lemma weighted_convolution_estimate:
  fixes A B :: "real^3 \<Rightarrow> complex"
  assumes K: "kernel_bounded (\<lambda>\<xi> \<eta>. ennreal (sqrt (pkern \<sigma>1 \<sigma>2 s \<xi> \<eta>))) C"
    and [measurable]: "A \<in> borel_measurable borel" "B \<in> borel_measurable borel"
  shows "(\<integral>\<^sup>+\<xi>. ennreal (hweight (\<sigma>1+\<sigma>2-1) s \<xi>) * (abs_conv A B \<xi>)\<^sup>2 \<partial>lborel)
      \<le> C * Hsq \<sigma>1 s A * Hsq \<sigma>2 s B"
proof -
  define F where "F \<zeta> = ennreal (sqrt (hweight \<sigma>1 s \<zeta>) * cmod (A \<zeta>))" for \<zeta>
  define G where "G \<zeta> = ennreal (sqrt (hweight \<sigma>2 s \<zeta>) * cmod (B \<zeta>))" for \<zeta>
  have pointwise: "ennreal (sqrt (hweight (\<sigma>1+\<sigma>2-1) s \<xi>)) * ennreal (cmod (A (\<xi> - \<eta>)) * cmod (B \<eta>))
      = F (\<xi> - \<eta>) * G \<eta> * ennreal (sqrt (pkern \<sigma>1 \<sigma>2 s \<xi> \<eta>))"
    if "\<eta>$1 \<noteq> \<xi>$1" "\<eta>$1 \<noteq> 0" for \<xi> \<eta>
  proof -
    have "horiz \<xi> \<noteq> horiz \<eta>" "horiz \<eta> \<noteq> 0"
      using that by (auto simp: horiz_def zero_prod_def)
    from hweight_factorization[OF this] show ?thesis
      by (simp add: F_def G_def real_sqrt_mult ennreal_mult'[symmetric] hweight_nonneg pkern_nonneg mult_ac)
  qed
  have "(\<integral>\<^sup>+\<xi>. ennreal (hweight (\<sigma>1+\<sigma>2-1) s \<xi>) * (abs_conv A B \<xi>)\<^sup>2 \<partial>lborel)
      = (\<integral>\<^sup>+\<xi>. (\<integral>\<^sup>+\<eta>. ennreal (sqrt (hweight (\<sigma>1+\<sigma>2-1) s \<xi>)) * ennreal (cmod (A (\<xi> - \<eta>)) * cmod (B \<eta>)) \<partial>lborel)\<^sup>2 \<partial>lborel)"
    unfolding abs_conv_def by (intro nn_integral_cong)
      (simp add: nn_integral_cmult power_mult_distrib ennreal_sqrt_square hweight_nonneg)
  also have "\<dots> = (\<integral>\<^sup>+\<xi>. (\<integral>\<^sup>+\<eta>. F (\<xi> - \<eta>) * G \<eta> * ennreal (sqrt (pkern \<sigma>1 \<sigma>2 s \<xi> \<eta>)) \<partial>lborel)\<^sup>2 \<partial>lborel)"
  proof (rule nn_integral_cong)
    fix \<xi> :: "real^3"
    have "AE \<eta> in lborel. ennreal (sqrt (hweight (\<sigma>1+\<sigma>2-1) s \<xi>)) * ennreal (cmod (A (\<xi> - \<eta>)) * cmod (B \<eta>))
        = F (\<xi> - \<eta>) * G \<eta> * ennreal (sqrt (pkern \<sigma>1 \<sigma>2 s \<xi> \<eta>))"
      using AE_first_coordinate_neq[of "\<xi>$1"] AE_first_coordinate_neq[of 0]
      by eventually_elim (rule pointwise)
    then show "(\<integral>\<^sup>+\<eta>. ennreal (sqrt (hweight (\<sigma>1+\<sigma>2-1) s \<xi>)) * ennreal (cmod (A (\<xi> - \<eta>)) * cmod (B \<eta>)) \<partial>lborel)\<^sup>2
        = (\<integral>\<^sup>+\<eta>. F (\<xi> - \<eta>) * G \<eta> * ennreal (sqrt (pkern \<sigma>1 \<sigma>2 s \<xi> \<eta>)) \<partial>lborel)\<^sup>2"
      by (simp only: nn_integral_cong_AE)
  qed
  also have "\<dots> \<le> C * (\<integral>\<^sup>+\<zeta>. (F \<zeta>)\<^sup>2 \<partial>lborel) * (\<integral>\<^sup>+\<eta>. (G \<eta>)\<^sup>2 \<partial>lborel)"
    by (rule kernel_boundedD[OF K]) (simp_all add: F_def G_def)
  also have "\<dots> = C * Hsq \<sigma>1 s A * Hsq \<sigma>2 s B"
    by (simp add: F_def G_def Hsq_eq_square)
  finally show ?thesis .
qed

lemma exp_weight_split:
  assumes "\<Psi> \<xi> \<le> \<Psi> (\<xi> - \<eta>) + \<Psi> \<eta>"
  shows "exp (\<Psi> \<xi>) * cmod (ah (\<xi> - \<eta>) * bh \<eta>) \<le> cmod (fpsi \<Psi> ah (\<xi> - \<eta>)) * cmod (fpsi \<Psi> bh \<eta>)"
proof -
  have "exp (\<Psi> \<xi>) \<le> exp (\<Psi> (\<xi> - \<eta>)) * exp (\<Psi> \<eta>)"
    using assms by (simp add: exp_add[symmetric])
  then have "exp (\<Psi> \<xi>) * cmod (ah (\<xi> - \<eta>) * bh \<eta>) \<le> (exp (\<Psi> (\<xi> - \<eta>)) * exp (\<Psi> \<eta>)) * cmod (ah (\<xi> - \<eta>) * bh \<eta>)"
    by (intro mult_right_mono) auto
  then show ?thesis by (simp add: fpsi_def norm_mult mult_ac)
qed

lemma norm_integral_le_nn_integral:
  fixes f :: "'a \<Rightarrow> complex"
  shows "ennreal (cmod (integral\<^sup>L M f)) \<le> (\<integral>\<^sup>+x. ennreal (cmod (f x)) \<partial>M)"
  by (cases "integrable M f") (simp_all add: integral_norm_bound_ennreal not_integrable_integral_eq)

= = = = =

Start with the line above that contains "(exp (\<Psi> (\<xi>" and end with the line that contains "(cmod (integral\<^sup>L M". Write out those lines exactly, and only those.

## Answer for this exercise
  then have "exp (\<Psi> \<xi>) * cmod (ah (\<xi> - \<eta>) * bh \<eta>) \<le> (exp (\<Psi> (\<xi> - \<eta>)) * exp (\<Psi> \<eta>)) * cmod (ah (\<xi> - \<eta>) * bh \<eta>)"
    by (intro mult_right_mono) auto
  then show ?thesis by (simp add: fpsi_def norm_mult mult_ac)
qed

lemma norm_integral_le_nn_integral:
  fixes f :: "'a \<Rightarrow> complex"
  shows "ennreal (cmod (integral\<^sup>L M f)) \<le> (\<integral>\<^sup>+x. ennreal (cmod (f x)) \<partial>M)"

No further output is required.